HELP TEAM MEMBERS DEVELOP THEIR TALENTS

Regardless of your product or service, you are in the people development business. Acquiring and keeping good people is one of your most important jobs. The more your team members grow and develop their talents and abilities, the more they will be able to accomplish. See your team members as they can become and encourage them to become what you see. People tend to become what the most important people in their lives think they will become; and, you are one of the most important people in the lives of your team members.

A great manager has the knack for making team members think they can become more than they are now. A great manager is one who brings out the best in his or her team members. Listed below are some ways you can help team members grow and bring out the best in them.

Encourage Personal Growth – Give them opportunities to try new things and acquire new skills. Growth is motivating. Stagnation is boring and will sap a person’s energy. Provide opportunities for learning. Give team members personal development books, tapes, and CDs. Conduct book studies. Send team members to seminars and other training opportunities

Be a Good Role Model – When you are a student of continuous learning and personal growth, it will be easier to encourage your team members to embrace personal development and growth.

Encourage Personal Goal Setting – When team members accomplish personal goals, they have more confidence in themselves, their self-esteem expands, and they become more valuable employees. The personal goal doesn’t need to have anything to do with work. When someone quits smoking, loses weight, starts a workout program, improves their golf game, spends more quality time with loved ones, or any other goal that is important to them, they will feel better about themselves and that will show up in their work.

Help Team Members Identify Their Strengths their talents and abilities – and help them spend more time using these strengths, talents, and abilities. Developing strengths is more motivational, takes less effort, and gives a greater return on investment than trying to fix weaknesses. If team members have been toiling in areas where they are weak, and you reassign them to work in areas where they can use their strengths, you’ll see a dramatic increase in natural motivation.

Look For Opportunities to Build Up Team Members – Give them credit for their suggestions; seek their opinions; recognize or point out their progress or improvement.

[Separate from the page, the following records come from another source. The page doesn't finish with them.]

lemma Pow_lepoll_compatible_extensions:
  assumes U: "ultrafilter_on_nat U" and q: "q \<in> grigorieff U" and rq: "r \<subseteq>\<^sub>m q"
    and XU: "- X \<inter> - dom r \<in> U"
  shows "Pow (X - dom q) \<lesssim> {p \<in> grigorieff U. r \<subseteq>\<^sub>m p \<and> dom p = dom r \<union> X \<and>
    compatible_in (grigorieff U) grig_le q p}"
proof -
  define W where "W = X - dom q"
  define D where "D = dom r \<union> X"
  define choice where "choice Z = q ++ (\<lambda>x. if x \<in> W then Some (x \<in> Z) else None)" for Z
  have dom_choice: "dom (choice Z) = dom q \<union> W" for Z
    by (auto simp: choice_def split: if_splits)
  have choice_in: "choice Z \<in> grigorieff U" for Z
  proof -
    have "- X \<inter> - dom r \<inter> - dom q \<subseteq> - dom (choice Z)"
      by (auto simp: dom_choice W_def)
    moreover have "- X \<inter> - dom r \<inter> - dom q \<in> U"
      using ultrafilter_on_nat_Int[OF U XU] q by (simp add: grigorieff_iff)
    ultimately show ?thesis
      using ultrafilter_on_nat_mono[OF U] by (simp add: grigorieff_iff)
  qed
  have "choice Z |` D \<in> {p \<in> grigorieff U. r \<subseteq>\<^sub>m p \<and> dom p = D \<and>
    compatible_in (grigorieff U) grig_le q p}" for Z
  proof -
    have "r \<subseteq>\<^sub>m choice Z |` D"
      using rq map_le_implies_dom_le[OF rq]
      by (auto simp: map_le_def choice_def D_def W_def restrict_map_def map_add_def)
    moreover have "dom (choice Z |` D) = D"
      using map_le_implies_dom_le[OF rq] by (auto simp: dom_choice D_def W_def)
    moreover have "choice Z |` D \<in> grigorieff U"
    proof -
      have "- X \<inter> - dom r \<subseteq> - dom (choice Z |` D)"
        using \<open>dom (choice Z |` D) = D\<close> by (auto simp: D_def)
      then show ?thesis
        using ultrafilter_on_nat_mono[OF U XU] by (simp add: grigorieff_iff)
    qed
    moreover have "q \<subseteq>\<^sub>m choice Z"
      by (auto simp: map_le_def choice_def W_def map_add_def)
    moreover have "choice Z |` D \<subseteq>\<^sub>m choice Z"
      by (auto simp: map_le_def restrict_map_def)
    ultimately show ?thesis
      using choice_in by (auto simp: compatible_in_def grig_le_def)
  qed
  moreover have "inj_on (\<lambda>Z. choice Z |` D) (Pow W)"
  proof (rule inj_onI)
    fix Z Z' assume "Z \<in> Pow W" "Z' \<in> Pow W" and eq: "choice Z |` D = choice Z' |` D"
    have "x \<in> Z \<longleftrightarrow> x \<in> Z'" if "x \<in> W" for x
      using fun_cong[OF eq, of x] that by (auto simp: choice_def W_def D_def)
    then show "Z = Z'" using \<open>Z \<in> Pow W\<close> \<open>Z' \<in> Pow W\<close> by blast
  qed
  ultimately show ?thesis
    unfolding lepoll_def W_def D_def by blast
qed
lemma mem_cspan_ranges_of_products:
  fixes P Q :: "nat \<Rightarrow> 'a::complex_vector \<Rightarrow> 'a"
  assumes "distinct is"
    and "\<And>i. i \<in> set is \<Longrightarrow> clinear (P i)" and "\<And>i. i \<in> set is \<Longrightarrow> clinear (Q i)"
    and "\<And>i x. i \<in> set is \<Longrightarrow> P i x + Q i x = x"
  shows "x \<in> cspan (\<Union>A\<in>Pow (set is). range (foldr (\<circ>) (map (\<lambda>i. if i \<in> A then P i else Q i) is) id))"
  using assms
proof (induction "is" arbitrary: x)
  case Nil
  then show ?case using cspan_superset by fastforce
next
  case (Cons k "is")
  define F where "F js A = foldr (\<circ>) (map (\<lambda>i. if i \<in> A then P i else Q i) js) id" for js A
  define S where "S js = (\<Union>A\<in>Pow (set js). range (F js A))" for js
  have k: "k \<notin> set is" using Cons.prems by simp
  have IH: "y \<in> cspan (S is)" for y
    unfolding S_def F_def using Cons.prems by (intro Cons.IH) auto
  have F_cong: "F is (insert k A) = F is A" for A
  proof -
    have "map (\<lambda>i. if i \<in> insert k A then P i else Q i) is = map (\<lambda>i. if i \<in> A then P i else Q i) is"
      using k by (intro map_cong) auto
    then show ?thesis unfolding F_def by (rule arg_cong[where f="\<lambda>l. foldr (\<circ>) l id"])
  qed
  have P_maps: "P k ` S is \<subseteq> S (k # is)"
  proof
    fix u assume "u \<in> P k ` S is"
    then obtain A y where "A \<subseteq> set is" and "u = P k (F is A y)" unfolding S_def by blast
    then have "insert k A \<in> Pow (set (k # is))" and "u = F (k # is) (insert k A) y"
      using F_cong[of A] by (auto simp: F_def)
    then show "u \<in> S (k # is)" unfolding S_def by blast
  qed
  have Q_maps: "Q k ` S is \<subseteq> S (k # is)"
  proof
    fix u assume "u \<in> Q k ` S is"
    then obtain A y where "A \<subseteq> set is" and "u = Q k (F is A y)" unfolding S_def by blast
    then have "A \<in> Pow (set (k # is))" and "u = F (k # is) A y"
      using k by (auto simp: F_def)
    then show "u \<in> S (k # is)" unfolding S_def by blast
  qed
  have "P k x \<in> P k ` cspan (S is)" and "Q k x \<in> Q k ` cspan (S is)" using IH by blast+
  then have "P k x \<in> cspan (S (k # is))" and "Q k x \<in> cspan (S (k # is))"
    using clinear_image_cspan[of "P k" "S is"] clinear_image_cspan[of "Q k" "S is"]
      cspan_mono[OF P_maps] cspan_mono[OF Q_maps] Cons.prems(2,3) by auto
  then have "P k x + Q k x \<in> cspan (S (k # is))" by (rule csubspace_add[OF csubspace_cspan])
  then have "x \<in> cspan (S (k # is))" using Cons.prems(4)[of k x] by simp
  then show ?case unfolding S_def F_def .
qed
(* Let $(H,u_1u_2u_3)$ be a lucky tracker of a graph $G$ and let $S$ be a full star-cutset of $H$. Then at least one of the following holds. (B1) For each $u_1u_2u_3$-hole $C$ of $H$, there exists a connected component $B$ of $H\setminus S$ such that $C$ is a subgraph of $H[V(B)\cup S]$. (B2) There are two non-adjacent nodes $s_1,s_2$ of $S$ and two connected components $B_1,B_2$ of $H\setminus S$ with $\{s_1,s_2\}\subseteq N_H(B_1)$ and $\{s_1,s_2\}\subseteq N_H(B_2)$.
   Context: All graphs are finite, simple and undirected. For a subgraph $B$ of $H$, $N_H(B)$ is the set of nodes outside $V(B)$ adjacent to some node of $B$. A hole is an induced simple cycle with at least four nodes; it is even if it has an even number of nodes. A shortest even hole of $H$ is an even hole of $H$ with the minimum number of nodes. For a hole $C$ of $H$ and $x\in V(H)\setminus V(C)$, let $N_C(x)=N_H(x)\cap V(C)$; $x$ is a major node if $N_C(x)$ contains three distinct pairwise non-adjacent nodes; $M_H(C)$ is the set of major nodes. $N_H^{2,2}(C)$ is the set of non-major nodes $x$ adjacent to $C$ such that $C[N_C(x)]$ has exactly two connected components, each with two nodes. $C$ is clean in $H$ if $M_H(C)=N_H^{2,2}(C)=\varnothing$. A tracker of $G$ is a pair $(H,u_1u_2u_3)$ where $H$ is an induced subgraph of $G$ and $u_1u_2u_3$ is a path on three nodes of $H$. A $u_1u_2u_3$-hole of $H$ is a clean shortest even hole $C$ of $H$ such that $u_1u_2u_3$ is a path of $C$; the tracker is lucky if $H$ has a $u_1u_2u_3$-hole. A subset $S\subseteq V(H)$ is a star-cutset of $H$ if $S\subseteq N_H[s]$ for some $s\in S$ (closed neighborhood) and $H\setminus S$ has more connected components than $H$; it is a full star-cutset if moreover $S=N_H[s]$ for some $s\in S$. *)

theory Defs
  imports Main
begin

(* Graphs: a vertex set V with an edge relation E (assumed symmetric and irreflexive
   where used). The subgraph considered is always the one induced on V. *)

definition adj_in :: "('a \<Rightarrow> 'a \<Rightarrow> bool) \<Rightarrow> 'a set \<Rightarrow> 'a \<Rightarrow> 'a \<Rightarrow> bool" where
  "adj_in E V x y \<longleftrightarrow> x \<in> V \<and> y \<in> V \<and> E x y"

definition components :: "('a \<Rightarrow> 'a \<Rightarrow> bool) \<Rightarrow> 'a set \<Rightarrow> 'a set set" where
  "components E V = {{y. (adj_in E V)\<^sup>*\<^sup>* x y} | x. x \<in> V}"
(* Fix an integer $r\ge1$ and let $I_r(y)=\sup_{\xi\in\mathbb{R}}\left(y\xi-\varphi^r(\xi)\right)$ for $y\in[0,2^{-r}]$. Then: (1) as $\eta\to0^+$, \[ I_r(\eta)=2\eta\log\left(4^r\eta\sqrt{\Psi^r(0)\prod_{k=1}^{r}\Psi^k(0)}\right)-\log\Psi^r(0)-2\eta+O(\eta^2); \] (2) as $\eta\to0^+$, \[ I_r\left(\frac{1}{2^r}-\eta\right)=2^r\eta\log\left(2^{\,r-1+2^{1-r}}\eta\right)+(2-2^{1-r})\log 2-2^r\eta+O(\eta^2). \] In particular $I_r(0)=-\log\Psi^r(0)$ and $I_r(2^{-r})=(2-2^{1-r})\log 2$.
   Context: $\varphi(\xi)=\frac{\xi}{4}+\log\cosh\frac{\xi}{4}$ for $\xi\in\mathbb{R}$, and $\varphi^r$ is its $r$-fold composition. For $X\in[0,\infty)$, $\Psi(X)=\frac{\sqrt{X}+1}{2}$, and $\Psi^k$ denotes the $k$-fold composition of $\Psi$. ($I_r$ is the rate function in the large deviation principle for $S_{r+1,n}/n$, the normalized number of Strahler-order-$(r+1)$ branches in a uniformly random planar full binary tree with $n$ leaves.) *)

theory Defs
  imports "HOL-Analysis.Analysis" "HOL-Library.Landau_Symbols"
begin

definition phi :: "real \<Rightarrow> real" where
  "phi \<xi> = \<xi> / 4 + ln (cosh (\<xi> / 4))"

definition Psi :: "real \<Rightarrow> real" where
  "Psi X = (sqrt X + 1) / 2"

definition I :: "nat \<Rightarrow> real \<Rightarrow> real" where
  "I r y = (SUP \<xi>\<in>(UNIV::real set). y * \<xi> - (phi ^^ r) \<xi>)"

Set Goals for Growth – Make a list of your team members and identify what each of them can do to grow to the next level. Discuss what you have written with each team member, get their buy-in that they would like to accomplish the goal, and help them develop a written plan of action to achieve the goal. If, when you make your list, you discover some personal development goals common among team members, consider some group training that will address the goal area.

Set Up a Personal Development Library – This can be a room, an area of a room, a book shelf, cabinet, or any other designated area that team members have access to. You can have a formal check-out system or use an honor system. The important thing is to make it as easy as possible for team members to have access to material that will help them grow, develop, and use more of their potential.

Resist Any Temptation to Use Abusive Tactics such as sarcasm, ridicule, name-calling, or public embarrassment.

People will remember how you made them feel – good and bad – long after they forget the words. Seeing team members as they can become will help you view them in a positive light, choose the right words and actions, and encourage personal and professional growth.